Ashpole’s students also had to facilitate at least one open community event which incorporated an element of sustainability. Chocolate tastings, documentary screenings, giveaways, and raffles were a few examples.
“For me, the most successful event was not what I was predicting,” says Ashpole with a laugh. Students decided to host a fundraiser using the Endangered Species Chocolate bar brand purchased in partnership with Dining Services. What they thought would take weeks to sell sold out in under an hour and raised money for the Nature Up North programs. More importantly, the exercise revealed data to Dining Services staff that related to the purchasing habits of the campus community.
“The bars just flew,” says Ashpole. “Salted caramel was the favorite. It was gone in seconds. Very few students made any comment about the price point; they were more interested in learning about endangered species, farming, and the production of cacao.” The students ended up pitching the brand as a new more ethical, fair trade, organic product for Dining Services to consider and the data from the sale provided the rationale for a trial run with Endangered Species Chocolate bars in the fall of 2022.
“Random Acts of Chocolate” on Valentine’s Day was another success story and resulted in 180 individuals across campus being surprised with an organic fair trade chocolate truffle delivery, raising morale and confirming the age-old formula of giving + chocolate = happiness.
“We were able to give out a chocolate to every single person who was nominated,” says Ashpole including the 70 staff members of The Pub and Student Center Kitchens as a token of the students’ appreciation.
“But I would say the best component was running the Sophomore Seminar and the First-Year Program, where students spent every week talking about chocolate and sharing different discoveries through their research.” Ashpole’s inquiry-based learning environment encouraged students to explore within and outside of their areas of interest.
“For example, if a science student did a big research project on the physiology or genetics of the cacao plant, I would encourage them to do a mini project on film or art or literature,” explains Ashpole. “I tried to help them think from a different perspective, to search out new information through new ways.”

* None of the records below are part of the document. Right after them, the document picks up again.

(* Let $Q=ABCD$ be any non-degenerate quadrangle of perimeter $2$ (convex, non-convex or self-intersecting) and $Q^\circ=KLMN$ its dual. Then $|AC|=|KM|$ and $|BD|=|LN|$.
   Context: Identify $\mathbb{R}^2$ with $\mathbb{C}$. A quadrangle $Q=ABCD$ is an ordered 4-tuple of points $A,B,C,D\in\mathbb{C}$: $A$ is the first vertex and the order $A\to B\to C\to D\to A$ is the direction of traversal. Its edge vectors are $z_1=B-A$, $z_2=C-B$, $z_3=D-C$, $z_4=A-D$, so $z_1+z_2+z_3+z_4=0$; its perimeter is $|z_1|+|z_2|+|z_3|+|z_4|$. $Q$ is non-degenerate if each pair of consecutive edge vectors $(z_1,z_2),(z_2,z_3),(z_3,z_4),(z_4,z_1)$ consists of nonzero, non-collinear vectors. Associated plane: for a non-degenerate $Q$ of perimeter $2$, choose $u_1,\dots,u_4\in\mathbb{C}$ with $u_k^2=z_k$, where $u_1$ is an arbitrary square root of $z_1$ and for $k=1,2,3$ the sign of $u_{k+1}$ is chosen so that $\operatorname{Im}(\overline{u_k}u_{k+1})$ has the same sign as $\operatorname{Im}(\overline{z_k}z_{k+1})$. Write $u_k=a_k+i b_k$ and $\bar a=(a_1,a_2,a_3,a_4)$, $\bar b=(b_1,b_2,b_3,b_4)$; these are orthonormal in $\mathbb{R}^4$. Let $\Pi=\operatorname{span}(\bar a,\bar b)$ and $\Pi^\perp$ its orthogonal complement. Dual quadrangle: choose an orthonormal basis $(\bar c,\bar d)$ of $\Pi^\perp$, put $w_k=(c_k+i d_k)^2$; then $\sum_k w_k=0$ and $\sum_k|w_k|=2$. The dual quadrangle $Q^\circ=KLMN$ is the quadrangle with $L-K=w_1$, $M-L=w_2$, $N-M=w_3$, $K-N=w_4$. It is determined up to rotation, reflection and translation. *)

theory Defs
  imports "HOL-Analysis.Analysis"
begin

definition qedge :: "complex \<Rightarrow> complex \<Rightarrow> complex \<Rightarrow> complex \<Rightarrow> nat \<Rightarrow> complex" where
  "qedge A B C D k =
     (if k = 1 then B - A else if k = 2 then C - B else if k = 3 then D - C else A - D)"

definition nxt :: "nat \<Rightarrow> nat" where
  "nxt k = k mod 4 + 1"

definition perimeter :: "complex \<Rightarrow> complex \<Rightarrow> complex \<Rightarrow> complex \<Rightarrow> real" where
  "perimeter A B C D = (\<Sum>k\<in>{1..4}. norm (qedge A B C D k))"

definition nondegenerate :: "complex \<Rightarrow> complex \<Rightarrow> complex \<Rightarrow> complex \<Rightarrow> bool" where
  "nondegenerate A B C D =
     (\<forall>k\<in>{1..4}. qedge A B C D k \<noteq> 0 \<and> qedge A B C D (nxt k) \<noteq> 0 \<and>
        \<not> collinear {0, qedge A B C D k, qedge A B C D (nxt k)})"

definition inner4 :: "(nat \<Rightarrow> real) \<Rightarrow> (nat \<Rightarrow> real) \<Rightarrow> real" where
  "inner4 x y = (\<Sum>k\<in>{1..4}. x k * y k)"

text \<open>Admissible choice of square roots u_1..u_4 of the edge vectors
  (u_1 arbitrary, signs of u_2,u_3,u_4 fixed by the orientation condition).\<close>
definition admissible_roots :: "complex \<Rightarrow> complex \<Rightarrow> complex \<Rightarrow> complex \<Rightarrow> (nat \<Rightarrow> complex) \<Rightarrow> bool" where
  "admissible_roots A B C D u =
     ((\<forall>k\<in>{1..4}. (u k)\<^sup>2 = qedge A B C D k) \<and>
      (\<forall>k\<in>{1..3}. sgn (Im (cnj (u k) * u (k + 1))) =
                   sgn (Im (cnj (qedge A B C D k) * qedge A B C D (k + 1)))))"

text \<open>KLMN is a dual quadrangle of ABCD: for some admissible roots u (with
  a = Re u, b = Im u spanning the plane Pi) and some orthonormal basis (c,d) of the
  orthogonal complement of Pi, the edges of KLMN are w_k = (c_k + i d_k)^2.\<close>
definition is_dual :: "complex \<Rightarrow> complex \<Rightarrow> complex \<Rightarrow> complex \<Rightarrow>
                       complex \<Rightarrow> complex \<Rightarrow> complex \<Rightarrow> complex \<Rightarrow> bool" where
  "is_dual A B C D K L M N =
     (\<exists>u c d. admissible_roots A B C D u \<and>
        (let a = (\<lambda>k. Re (u k)); b = (\<lambda>k. Im (u k));
             w = (\<lambda>k. (Complex (c k) (d k))\<^sup>2) in
         inner4 c a = 0 \<and> inner4 c b = 0 \<and> inner4 d a = 0 \<and> inner4 d b = 0 \<and>
         inner4 c c = 1 \<and> inner4 d d = 1 \<and> inner4 c d = 0 \<and>
         L - K = w 1 \<and> M - L = w 2 \<and> N - M = w 3 \<and> K - N = w 4))"

end

theory Submission imports Defs begin

text \<open>Closure and perimeter 2 say exactly that \<open>Re u\<close> and \<open>Im u\<close> are orthonormal, so together
  with \<open>c, d\<close> they form the columns of an orthogonal 4\<times>4 matrix, whose rows are then orthonormal
  as well. A diagonal is the sum of two consecutive edges, \<open>C - A = u\<^sub>1\<^sup>2 + u\<^sub>2\<^sup>2\<close>, and
  \<open>|z\<^sup>2 + w\<^sup>2|\<^sup>2\<close> is a polynomial in \<open>|z|\<^sup>2, |w|\<^sup>2, z \<bullet> w\<close> that is unchanged when these are
  replaced by their complements \<open>1 - |z|\<^sup>2, 1 - |w|\<^sup>2, - z \<bullet> w\<close> given by the orthonormal rows.\<close>

lemma norm_add_power2_squared:
  fixes z w :: complex
  shows "(norm (z\<^sup>2 + w\<^sup>2))\<^sup>2 = (z \<bullet> z + w \<bullet> w)\<^sup>2 - 4 * ((z \<bullet> z) * (w \<bullet> w) - (z \<bullet> w)\<^sup>2)"
  unfolding cmod_power2 by (simp add: inner_complex_def power2_eq_square algebra_simps)

lemma norm_add_power2_complementary:
  fixes z w \<zeta> \<omega> :: complex
  assumes "z \<bullet> z + \<zeta> \<bullet> \<zeta> = 1" "w \<bullet> w + \<omega> \<bullet> \<omega> = 1" "z \<bullet> w + \<zeta> \<bullet> \<omega> = 0"
  shows "norm (z\<^sup>2 + w\<^sup>2) = norm (\<zeta>\<^sup>2 + \<omega>\<^sup>2)"
proof -
  have complement: "\<zeta> \<bullet> \<zeta> = 1 - z \<bullet> z" "\<omega> \<bullet> \<omega> = 1 - w \<bullet> w" "\<zeta> \<bullet> \<omega> = - (z \<bullet> w)"
    using assms by linarith+
  have "(norm (z\<^sup>2 + w\<^sup>2))\<^sup>2 = (norm (\<zeta>\<^sup>2 + \<omega>\<^sup>2))\<^sup>2"
    unfolding norm_add_power2_squared complement by (simp add: power2_eq_square algebra_simps)
  then show ?thesis
    by simp
qed

lemma orthonormal_Re_Im_if_sum_power2_zero:
  fixes u :: "'a \<Rightarrow> complex"
  assumes "(\<Sum>k\<in>S. (u k)\<^sup>2) = 0" and "(\<Sum>k\<in>S. (norm (u k))\<^sup>2) = 2"
  shows "(\<Sum>k\<in>S. (Re (u k))\<^sup>2) = 1" "(\<Sum>k\<in>S. (Im (u k))\<^sup>2) = 1"
    "(\<Sum>k\<in>S. Re (u k) * Im (u k)) = 0"
proof -
  have "(\<Sum>k\<in>S. (Re (u k))\<^sup>2 - (Im (u k))\<^sup>2) = 0"
    using arg_cong[OF assms(1), of Re] by (simp add: power2_eq_square)
  moreover have "(\<Sum>k\<in>S. (Re (u k))\<^sup>2 + (Im (u k))\<^sup>2) = 2"
    using assms(2) by (simp add: cmod_power2)
  moreover have "(\<Sum>k\<in>S. 2 * (Re (u k) * Im (u k))) = 0"
    using arg_cong[OF assms(1), of Im] by (simp add: power2_eq_square algebra_simps)
  ultimately show "(\<Sum>k\<in>S. (Re (u k))\<^sup>2) = 1" "(\<Sum>k\<in>S. (Im (u k))\<^sup>2) = 1"
    "(\<Sum>k\<in>S. Re (u k) * Im (u k)) = 0"
    by (simp_all add: sum.distrib sum_subtractf flip: sum_distrib_left)
qed

lemma orthonormal_rows_if_orthonormal_columns:
  fixes M :: "'n::finite \<Rightarrow> 'n \<Rightarrow> real"
  assumes "\<And>i j. (\<Sum>k\<in>UNIV. M k i * M k j) = (if i = j then 1 else 0)"
  shows "(\<Sum>k\<in>UNIV. M i k * M j k) = (if i = j then 1 else 0)"
proof -
  define Q :: "real^'n^'n" where "Q = (\<chi> i j. M i j)"
  have "transpose Q ** Q = mat 1"
    by (simp add: Q_def vec_eq_iff matrix_matrix_mult_def transpose_def mat_def assms)
  then have "Q ** transpose Q = mat 1"
    by (simp add: matrix_left_right_inverse)
  then show ?thesis
    by (simp add: Q_def vec_eq_iff matrix_matrix_mult_def transpose_def mat_def)
qed

lemma orthonormal_rows_if_orthonormal_columns_on:
  fixes M :: "'a \<Rightarrow> 'a \<Rightarrow> real" and h :: "'n::finite \<Rightarrow> 'a"
  assumes h: "bij_betw h UNIV I"
    and cols: "\<And>i j. i \<in> I \<Longrightarrow> j \<in> I \<Longrightarrow> (\<Sum>k\<in>I. M k i * M k j) = (if i = j then 1 else 0)"
    and "i \<in> I" "j \<in> I"
  shows "(\<Sum>k\<in>I. M i k * M j k) = (if i = j then 1 else 0)"
proof -
  have sum_I: "(\<Sum>k\<in>I. f k) = (\<Sum>k\<in>UNIV. f (h k))" for f :: "'a \<Rightarrow> real"
    using sum.reindex_bij_betw[OF h] by metis
  have h_eq: "h p = h q \<longleftrightarrow> p = q" for p q
    using h by (auto simp: bij_betw_def inj_def)
  obtain p q where "i = h p" "j = h q"
    using h \<open>i \<in> I\<close> \<open>j \<in> I\<close> by (metis bij_betw_imp_surj_on imageE)
  moreover have "(\<Sum>k\<in>UNIV. M (h k) (h p) * M (h k) (h q)) = (if p = q then 1 else 0)" for p q
    using cols[of "h p" "h q"] h by (simp add: sum_I h_eq bij_betwE)
  ultimately show ?thesis
    using orthonormal_rows_if_orthonormal_columns[of "\<lambda>p q. M (h p) (h q)" p q]
    by (simp add: sum_I h_eq)
qed

lemma orthonormal_rows_4:
  fixes a b c d :: "nat \<Rightarrow> real"
  assumes "inner4 a a = 1" "inner4 b b = 1" "inner4 c c = 1" "inner4 d d = 1"
    and "inner4 a b = 0" "inner4 c a = 0" "inner4 c b = 0" "inner4 d a = 0" "inner4 d b = 0"
    "inner4 c d = 0"
    and "i \<in> {1..4}" "j \<in> {1..4}"
  shows "a i * a j + b i * b j + c i * c j + d i * d j = (if i = j then 1 else 0)"
proof -
  define M :: "nat \<Rightarrow> nat \<Rightarrow> real"
    where "M k l = (if l = 1 then a k else if l = 2 then b k else if l = 3 then c k else d k)" for k l
  have sum_4: "(\<Sum>k\<in>{1..4}. f k) = f 1 + f 2 + f 3 + f (4::nat)" for f :: "nat \<Rightarrow> real"
    by (simp add: numeral_eq_Suc)
  have cols: "(\<Sum>k\<in>{1..4}. M k l * M k l') = (if l = l' then 1 else 0)"
    if "l \<in> {1..4}" "l' \<in> {1..4}" for l l'
    using that assms(1-10) unfolding inner4_def sum_4
    by (auto simp: M_def numeral_eq_Suc le_Suc_eq algebra_simps)
  obtain h :: "4 \<Rightarrow> nat" where "bij_betw h UNIV {1..4}"
    using finite_same_card_bij[of "UNIV :: 4 set" "{1..4::nat}"] by auto
  from orthonormal_rows_if_orthonormal_columns_on[OF this cols assms(11,12)]
  show ?thesis
    unfolding sum_4 by (simp add: M_def)
qed

lemma sum_qedge: "(\<Sum>k\<in>{1..4}. qedge A B C D k) = 0"
  by (simp add: qedge_def numeral_eq_Suc)

text \<open>Neither non-degeneracy nor the sign convention for the roots is needed: the identity
  holds for any square roots of the edges and any orthonormal frame of the complement.\<close>

theorem mainTheorem11:
  fixes A B C D K L M N :: complex
  assumes "nondegenerate A B C D"
    and "perimeter A B C D = 2"
    and "is_dual A B C D K L M N"
  shows "dist A C = dist K M \<and> dist B D = dist L N"
proof -
  obtain u c d where roots: "admissible_roots A B C D u"
    and frame: "inner4 c (\<lambda>k. Re (u k)) = 0" "inner4 c (\<lambda>k. Im (u k)) = 0"
      "inner4 d (\<lambda>k. Re (u k)) = 0" "inner4 d (\<lambda>k. Im (u k)) = 0"
      "inner4 c c = 1" "inner4 d d = 1" "inner4 c d = 0"
    and dual_edges: "L - K = (Complex (c 1) (d 1))\<^sup>2" "M - L = (Complex (c 2) (d 2))\<^sup>2"
      "N - M = (Complex (c 3) (d 3))\<^sup>2" "K - N = (Complex (c 4) (d 4))\<^sup>2"
    using assms(3) unfolding is_dual_def Let_def by blast
  define v where "v k = Complex (c k) (d k)" for k
  have edges: "qedge A B C D k = (u k)\<^sup>2" if "k \<in> {1..4}" for k
    using roots that by (simp add: admissible_roots_def)
  have "(\<Sum>k\<in>{1..4}. (u k)\<^sup>2) = 0" "(\<Sum>k\<in>{1..4}. (norm (u k))\<^sup>2) = 2"
    using sum_qedge[of A B C D] assms(2) edges
    by (simp_all add: perimeter_def norm_power)
  note plane = orthonormal_Re_Im_if_sum_power2_zero[OF this]
  have rows: "u i \<bullet> u j + v i \<bullet> v j = (if i = j then 1 else 0)"
    if "i \<in> {1..4}" "j \<in> {1..4}" for i j
    using orthonormal_rows_4[OF _ _ frame(5,6) _ frame(1-4,7) that] plane
    by (simp add: v_def inner_complex_def inner4_def power2_eq_square mult.commute)
  have "C - A = qedge A B C D 1 + qedge A B C D 2" "D - B = qedge A B C D 2 + qedge A B C D 3"
    by (simp_all add: qedge_def)
  then have "C - A = (u 1)\<^sup>2 + (u 2)\<^sup>2" "D - B = (u 2)\<^sup>2 + (u 3)\<^sup>2"
    by (simp_all add: edges)
  moreover have "M - K = (v 1)\<^sup>2 + (v 2)\<^sup>2" "N - L = (v 2)\<^sup>2 + (v 3)\<^sup>2"
    using dual_edges by (simp_all add: v_def algebra_simps flip: diff_add_cancel)
  ultimately have "norm (C - A) = norm (M - K)" "norm (D - B) = norm (N - L)"
    by (auto intro!: norm_add_power2_complementary simp: rows)
  then show ?thesis
    by (metis dist_norm norm_minus_commute)
qed

end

Questions included economic and ethical boundaries, child labor and slavery, environmental and social activism, agricultural practices, and endangered habitats. Students revisited favorite childhood stories such as the film “Charlie and the Chocolate Factory” through a contemporary lens, and, somehow, Ashpole believes the discussions on any controversial topics were more open because it was rooted in the exploration of chocolate.
Students were really shocked that something that they loved might not be all good and then would have to figure out what that means,” says Ashpole. “I can remember the very first or second day of classes, one of my students came right out saying, ‘we all have the right to chocolate, and it should be dead cheap.’ Then, I watched the student realize over the course of the semester that, maybe, ‘cheap’ chocolate comes at a price to someone else or the environment, or has some other major impact.”
Ashpole says that transformational thinking through the single ingredient of something so comfortable and familiar forced them to reflect on their own values. It also illustrated the diversity of problems that crisscross all social, economic, governmental, and environmental systems around the globe was at times daunting.
“I want to make sure we always look at the positives as well,” says Ashpole who invited speakers such as the owners of 57 Chocolate, a woman-owned, ethically sourced, bean-to-bar chocolate company in Ghana to join one of her classes on Zoom.
“They’re young entrepreneurs, running a small business, hiring locals, supporting their economy, supporting farmers, and supporting the environment with a global brand incorporating all the complexity,” says Ashpole, “and the inspiring solutions wrapped up in a bar of chocolate.”